It is a concern. Perennially in the history of evangelical Christianity, there has been an effort to reach out, to draw new people in. The evangelistic motivation is very strong in the history of evangelicalism. It remains very strong to this day. The positive side of that motivation is that the Christian message is brought to newer groups of people. In our day, the negative danger is that a thin kind of Christian message will be brought that is adjusted more for popular cultural norms than by the norms of the Christian gospel. I think, however, as an outsider, from any one individual church or Christian activity, it’s very hard to judge whether or not the adaptation has gone too far. What is necessary is long-term observation about whether lives are actually changed, whether people are actually reconciled to each other, whether works of mercy are actually done. This is a hard set of questions to answer if a person does not remain an observer for a long period of time. It is a major concern, but it’s a concern, I think, more in general Christian terms than as a historian of evangelicalism. I think the Christian faith is always a faith that calls people away from themselves, toward God, but always attracts people because it offers something from God. It is the maintaining of that balance, of what God gives to Christian believers and then what God expects from Christian believers, that is the critical matter for all varieties of Christian faith.

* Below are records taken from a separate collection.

(* Let $X$ and $Y$ be Banach spaces and let $F:X\to Y$ be continuous and Gâteaux-differentiable, with $F(0)=0$. Let $R>0$ and $m>0$, and assume that for every $x\in X$ with $\|x\|\le R$ the derivative $DF(x)$ has a right-inverse $L(x)$ (a bounded linear map $Y\to X$ with $DF(x)L(x)v=v$ for all $v\in Y$) satisfying $\|L(x)\|\le m$. Then for every $\bar y\in Y$ with $\|\bar y\|<R/m$ and every $\mu>m$ there is some $\bar x\in X$ such that $\|\bar x\|<R$, $\|\bar x\|\le\mu\|\bar y\|$, and $F(\bar x)=\bar y$.
   Context: $F$ is Gâteaux-differentiable at $x$ if there is a continuous linear map $DF(x):X\to Y$ such that for every $u\in X$, $\lim_{t\to0}\|(F(x+tu)-F(x))/t-DF(x)u\|=0$. *)

theory Defs
  imports "HOL-Analysis.Analysis"
begin

definition gateaux_deriv :: "('a::real_normed_vector \<Rightarrow> 'b::real_normed_vector) \<Rightarrow> 'a \<Rightarrow> ('a \<Rightarrow> 'b) \<Rightarrow> bool" where
  "gateaux_deriv F x D \<longleftrightarrow> bounded_linear D \<and>
     (\<forall>u. ((\<lambda>t::real. (F (x + t *\<^sub>R u) - F x) /\<^sub>R t) \<longlongrightarrow> D u) (at 0))"

end

theory Submission
  imports Defs
begin

text \<open>Choose \<open>c \<in> (m, \<mu>]\<close> with \<open>c \<parallel>y\<parallel> < R\<close> and apply Ekeland's variational principle with
  slope \<open>1/c\<close> to the residual \<open>x \<mapsto> \<parallel>F x - y\<parallel>\<close>, starting at \<open>0\<close>. The point \<open>x\<close> it produces
  satisfies \<open>\<parallel>x\<parallel>/c \<le> \<parallel>y\<parallel>\<close>, so it lies inside the ball of radius \<open>R\<close> where the right inverse
  exists. If \<open>F x \<noteq> y\<close>, moving from \<open>x\<close> in the direction \<open>u = L x (y - F x)\<close> lowers the
  residual at rate \<open>\<parallel>y - F x\<parallel>\<close> while the Ekeland penalty grows only at rate
  \<open>\<parallel>u\<parallel>/c \<le> (m/c) \<parallel>y - F x\<parallel>\<close>, contradicting the minimality of \<open>x\<close>.

  Ekeland's principle is obtained from the nested closed sets
  \<open>{z. f z + a d(z, x\<^sub>n) \<le> f x\<^sub>n}\<close>: choosing \<open>x\<^sub>n\<^sub>+\<^sub>1\<close> as a near-minimizer of \<open>f\<close> on the
  previous set forces their diameters to zero, and their single common point is the answer.\<close>

definition ekeland_set :: "('a::metric_space \<Rightarrow> real) \<Rightarrow> real \<Rightarrow> 'a \<Rightarrow> 'a set" where
  "ekeland_set f a x = {z. f z + a * dist z x \<le> f x}"

lemma ekeland_set_self [simp]: "x \<in> ekeland_set f a x"
  by (simp add: ekeland_set_def)

lemma ekeland_set_subset:
  assumes "a \<ge> 0" and "z \<in> ekeland_set f a x"
  shows "ekeland_set f a z \<subseteq> ekeland_set f a x"
proof
  fix w assume w: "w \<in> ekeland_set f a z"
  have "a * dist w x \<le> a * dist w z + a * dist z x"
    using assms(1) dist_triangle[of w x z] by (metis distrib_left mult_left_mono)
  then show "w \<in> ekeland_set f a x"
    using w assms(2) by (simp add: ekeland_set_def)
qed

lemma closed_ekeland_set:
  assumes "continuous_on UNIV f"
  shows "closed (ekeland_set f a x)"
  unfolding ekeland_set_def using assms by (intro closed_Collect_le continuous_intros) auto

lemma ekeland_set_dist_le:
  assumes "a \<ge> 0" and "bdd_below (range f)"
    and "x' \<in> ekeland_set f a x" and "f x' \<le> Inf (f ` ekeland_set f a x) + e"
    and "z \<in> ekeland_set f a x'"
  shows "a * dist z x' \<le> e"
proof -
  have "z \<in> ekeland_set f a x" using ekeland_set_subset assms(1,3,5) by blast
  then have "Inf (f ` ekeland_set f a x) \<le> f z"
    using assms(2) by (intro cInf_lower) (auto intro: bdd_below_mono)
  with assms(4,5) show ?thesis by (simp add: ekeland_set_def)
qed

lemma ekeland_sequence:
  assumes "bdd_below (range f)"
  obtains xs where "xs 0 = x0" and "\<And>n. xs (Suc n) \<in> ekeland_set f a (xs n)"
    and "\<And>n. f (xs (Suc n)) \<le> Inf (f ` ekeland_set f a (xs n)) + 1 / Suc n"
proof -
  define P where "P n x z \<longleftrightarrow> z \<in> ekeland_set f a x \<and> f z \<le> Inf (f ` ekeland_set f a x) + 1 / Suc n"
    for n x z
  have "\<exists>z. P n x z" for n x
  proof -
    have "\<exists>w \<in> f ` ekeland_set f a x. w < Inf (f ` ekeland_set f a x) + 1 / Suc n"
      by (rule cInf_lessD) (use ekeland_set_self in blast, simp)
    then show ?thesis by (force simp: P_def)
  qed
  then have "P n x (SOME z. P n x z)" for n x by (rule someI_ex)
  then show ?thesis
    by (intro that[of "rec_nat x0 (\<lambda>n x. SOME z. P n x z)"]) (simp_all add: P_def)
qed

theorem ekeland_variational_principle:
  fixes f :: "'a::complete_space \<Rightarrow> real"
  assumes cont: "continuous_on UNIV f" and bdd: "bdd_below (range f)" and a: "a > 0"
  obtains xb where "f xb + a * dist xb x0 \<le> f x0"
    and "\<And>z. z \<noteq> xb \<Longrightarrow> f xb < f z + a * dist z xb"
proof -
  obtain xs where xs0: "xs 0 = x0" and xs_in: "\<And>n. xs (Suc n) \<in> ekeland_set f a (xs n)"
    and xs_inf: "\<And>n. f (xs (Suc n)) \<le> Inf (f ` ekeland_set f a (xs n)) + 1 / Suc n"
    using ekeland_sequence[OF bdd] by blast
  define S where "S n = ekeland_set f a (xs n)" for n
  have nested: "S n \<subseteq> S m" if "m \<le> n" for m n
    using that
  proof (induction n rule: dec_induct)
    case (step k)
    then show ?case using ekeland_set_subset[OF _ xs_in] a by (force simp: S_def)
  qed simp
  have near: "dist z (xs (Suc n)) \<le> 1 / (a * Suc n)" if "z \<in> S (Suc n)" for z n
  proof -
    have "a * dist z (xs (Suc n)) \<le> 1 / Suc n"
      using ekeland_set_dist_le[OF _ bdd xs_in xs_inf] that a by (simp add: S_def)
    then show ?thesis using a by (simp add: pos_le_divide_eq mult.commute mult.left_commute del: of_nat_Suc)
  qed
  have shrink: "\<exists>n. \<forall>x\<in>S n. \<forall>y\<in>S n. dist x y < e" if "e > 0" for e
  proof -
    obtain n where n: "inverse (real (Suc n)) < a * e / 2"
      using reals_Archimedean \<open>e > 0\<close> a by (metis half_gt_zero mult_pos_pos)
    have "1 / (a * Suc n) = inverse (Suc n) / a" by (simp add: field_simps)
    also have "\<dots> < e / 2" using n a by (simp add: pos_divide_less_eq mult.commute)
    finally have small: "1 / (a * Suc n) < e / 2" .
    have "dist x y < e" if "x \<in> S (Suc n)" "y \<in> S (Suc n)" for x y
    proof -
      have "dist x y \<le> dist x (xs (Suc n)) + dist y (xs (Suc n))" by (rule dist_triangle2)
      also have "\<dots> \<le> 1 / (a * Suc n) + 1 / (a * Suc n)" using near that by (intro add_mono)
      also have "\<dots> < e" using small by linarith
      finally show ?thesis .
    qed
    then show ?thesis by blast
  qed
  obtain xb where xb: "\<Inter> (range S) = {xb}"
  proof (rule decreasing_closed_nest_sing[of S, THEN exE])
    show "closed (S n)" for n unfolding S_def by (rule closed_ekeland_set[OF cont])
    show "S n \<noteq> {}" for n unfolding S_def using ekeland_set_self by blast
  qed (use nested shrink in blast)+
  show ?thesis
  proof
    show "f xb + a * dist xb x0 \<le> f x0"
      using xb xs0 by (force simp: S_def ekeland_set_def)
  next
    fix z assume "z \<noteq> xb"
    have "z \<notin> ekeland_set f a xb"
    proof
      assume "z \<in> ekeland_set f a xb"
      moreover have "ekeland_set f a xb \<subseteq> S n" for n
        unfolding S_def using a xb by (intro ekeland_set_subset) (auto simp: S_def)
      ultimately have "z \<in> S n" for n by blast
      then show False using xb \<open>z \<noteq> xb\<close> by blast
    qed
    then show "f xb < f z + a * dist z xb" by (simp add: ekeland_set_def)
  qed
qed

lemma gateaux_deriv_strict_descent:
  fixes F :: "'a::real_normed_vector \<Rightarrow> 'b::real_normed_vector"
  assumes gat: "gateaux_deriv F x D" and Du: "D u = y - F x" and small: "a * norm u < norm (y - F x)"
  shows "\<exists>z. norm (F z - y) + a * dist z x < norm (F x - y)"
proof -
  define v where "v = y - F x"
  define q where "q t = (F (x + t *\<^sub>R u) - F x) /\<^sub>R t" for t :: real
  have "(q \<longlongrightarrow> v) (at 0)"
    unfolding q_def v_def Du[symmetric] using gat by (simp add: gateaux_deriv_def)
  moreover have "norm v - a * norm u > 0" using small by (simp add: v_def)
  ultimately have "eventually (\<lambda>t. dist (q t) v < norm v - a * norm u) (at 0)"
    by (rule tendstoD)
  then obtain d where d: "d > 0" "\<And>t. t \<noteq> 0 \<Longrightarrow> dist t 0 < d \<Longrightarrow> dist (q t) v < norm v - a * norm u"
    by (auto simp: eventually_at)
  define t where "t = min (d / 2) 1"
  have t: "0 < t" "t \<le> 1" "t < d" using d by (auto simp: t_def)
  have q_close: "norm (q t - v) < norm v - a * norm u" using d(2)[of t] t by (simp add: dist_norm)
  have "F (x + t *\<^sub>R u) - y = t *\<^sub>R (q t - v) - (1 - t) *\<^sub>R v"
    using t by (simp add: q_def v_def algebra_simps)
  then have "norm (F (x + t *\<^sub>R u) - y) \<le> t * norm (q t - v) + (1 - t) * norm v"
    using t norm_triangle_ineq4[of "t *\<^sub>R (q t - v)" "(1 - t) *\<^sub>R v"] by simp
  also have "\<dots> < t * (norm v - a * norm u) + (1 - t) * norm v"
    using q_close t by simp
  finally have "norm (F (x + t *\<^sub>R u) - y) + a * dist (x + t *\<^sub>R u) x < norm v"
    using t by (simp add: dist_norm algebra_simps)
  then show ?thesis by (auto simp: v_def norm_minus_commute)
qed

lemma exists_scale_between:
  fixes m \<mu> r R :: real
  assumes "m < \<mu>" and "m * r < R" and "r \<ge> 0"
  obtains c where "m < c" and "c \<le> \<mu>" and "c * r < R"
proof (cases "r = 0")
  case True
  then show ?thesis using assms by (intro that[of \<mu>]) auto
next
  case False
  define c where "c = min \<mu> ((m + R / r) / 2)"
  have "m < R / r" using assms False by (simp add: field_simps)
  then have "m < c" using assms(1) by (simp add: c_def)
  moreover have "c \<le> (m + R / r) / 2" unfolding c_def by (rule min.cobounded2)
  then have "c * r \<le> (m + R / r) / 2 * r" using assms(3) by (rule mult_right_mono)
  moreover have "(m + R / r) / 2 * r < R" using assms False by (simp add: field_simps)
  ultimately show ?thesis by (intro that[of c]) (simp_all add: c_def)
qed

lemma gateaux_residual_minimizer_is_zero:
  fixes F :: "'a::real_normed_vector \<Rightarrow> 'b::real_normed_vector"
  assumes gat: "gateaux_deriv F x D" and L: "bounded_linear L" and right_inv: "D (L (y - F x)) = y - F x"
    and a: "a \<ge> 0" "a * onorm L < 1"
    and minimal: "\<And>z. norm (F x - y) \<le> norm (F z - y) + a * dist z x"
  shows "F x = y"
proof (rule ccontr)
  assume "F x \<noteq> y"
  have "a * norm (L (y - F x)) \<le> a * (onorm L * norm (y - F x))"
    using onorm[OF L] a(1) by (rule mult_left_mono)
  also have "\<dots> < norm (y - F x)"
    using a(2) \<open>F x \<noteq> y\<close> by (simp add: mult.assoc[symmetric])
  finally obtain z where "norm (F z - y) + a * dist z x < norm (F x - y)"
    using gateaux_deriv_strict_descent[OF gat right_inv] by blast
  then show False using minimal[of z] by simp
qed

theorem theorem2:
  fixes F :: "'a::banach \<Rightarrow> 'b::banach"
    and DF :: "'a \<Rightarrow> 'a \<Rightarrow> 'b"
    and L :: "'a \<Rightarrow> 'b \<Rightarrow> 'a"
    and R m :: real
  assumes contF: "continuous_on UNIV F"
    and gat: "\<And>x. gateaux_deriv F x (DF x)"
    and F0: "F 0 = 0"
    and Rpos: "R > 0" and mpos: "m > 0"
    and Llin: "\<And>x. norm x \<le> R \<Longrightarrow> bounded_linear (L x)"
    and Lright: "\<And>x v. norm x \<le> R \<Longrightarrow> DF x (L x v) = v"
    and Lnorm: "\<And>x. norm x \<le> R \<Longrightarrow> onorm (L x) \<le> m"
  shows "\<forall>ybar::'b. norm ybar < R / m \<longrightarrow> (\<forall>\<mu>>m. \<exists>xbar::'a.
           norm xbar < R \<and> norm xbar \<le> \<mu> * norm ybar \<and> F xbar = ybar)"
proof (intro allI impI)
  fix y :: 'b and \<mu> :: real
  assume y: "norm y < R / m" and \<mu>: "\<mu> > m"
  then have "m * norm y < R" using mpos by (simp add: field_simps)
  then obtain c where c: "m < c" "c \<le> \<mu>" "c * norm y < R"
    using exists_scale_between \<mu> norm_ge_zero by blast
  have cont: "continuous_on UNIV (\<lambda>x. norm (F x - y))"
    by (intro continuous_intros contF)
  have bdd: "bdd_below (range (\<lambda>x. norm (F x - y)))"
    by (rule bdd_belowI[of _ 0]) auto
  have "1 / c > 0" using c(1) mpos by simp
  then obtain xb where start: "norm (F xb - y) + 1 / c * dist xb 0 \<le> norm (F 0 - y)"
    and minimal: "\<And>z. z \<noteq> xb \<Longrightarrow> norm (F xb - y) < norm (F z - y) + 1 / c * dist z xb"
    using ekeland_variational_principle[OF cont bdd] by blast
  have "1 / c * norm xb \<le> norm y"
    using start F0 norm_ge_zero[of "F xb - y"] by (simp del: norm_ge_zero)
  then have "norm xb \<le> c * norm y" using \<open>1 / c > 0\<close> by (simp add: field_simps)
  moreover have "c * norm y \<le> \<mu> * norm y" using c(2) by (simp add: mult_right_mono)
  ultimately have xb_le: "norm xb \<le> \<mu> * norm y" and xb_lt: "norm xb < R"
    using c(3) by linarith+
  have "F xb = y"
  proof (rule gateaux_residual_minimizer_is_zero[OF gat])
    show "bounded_linear (L xb)" and "DF xb (L xb (y - F xb)) = y - F xb"
      using Llin Lright xb_lt by simp_all
    show "1 / c * onorm (L xb) < 1"
      using Lnorm[of xb] xb_lt c(1) mpos by (simp add: field_simps)
    show "norm (F xb - y) \<le> norm (F z - y) + 1 / c * dist z xb" for z
      using minimal[of z] by (cases "z = xb") auto
  qed (use \<open>1 / c > 0\<close> in simp)
  then show "\<exists>xbar. norm xbar < R \<and> norm xbar \<le> \<mu> * norm y \<and> F xbar = y"
    using xb_le xb_lt by blast
qed

end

How would you assess the influence, in politics and culture at large, of evangelicals?

Evangelicals are certainly more evident in politics and public life now than had been the case, say, in 1950. Actually, our situation now is much closer to what the United States had experienced from, say, 1800 to 1880 or 1890, when evangelical Christians were a large and vocal part of public life, including political life. Certainly, since the 1960s and 1970s, there has been an obvious move of people called evangelicals, identif[ying] as evangelicals, toward the Republican Party. This has taken place particularly in the South, but also in other parts of the country. And when you have a movement like that of religious allegiance and political allegiance, then it draws the attention of the media of various sorts. It has become, I think, a legitimate matter for journalists’ reporting.

What role do you think evangelicals will play in the upcoming presidential election?

I think it’s easy to overestimate the impact of any one religious group in a political election. Obviously, the popular wisdom, which I think is right, is that evangelicals certainly lean toward the Republicans, lean toward President George Bush. But the mistake, I think, is sometimes made to consider every part of the Republican platform as an evangelical issue, which is simply not the case. I think some of the good polling, which would include polling by John Green, would show that on issues like health care and the economy, evangelicals are far less polarized politically than they are on some of the moral issues, like the question of a constitutional amendment concerning gay marriage, or abortion on demand, and other issues that touch individual morality more than public morality.

Let’s talk a little about evangelicals and their faith. How do you and others share your faith with people you meet who are not Christian?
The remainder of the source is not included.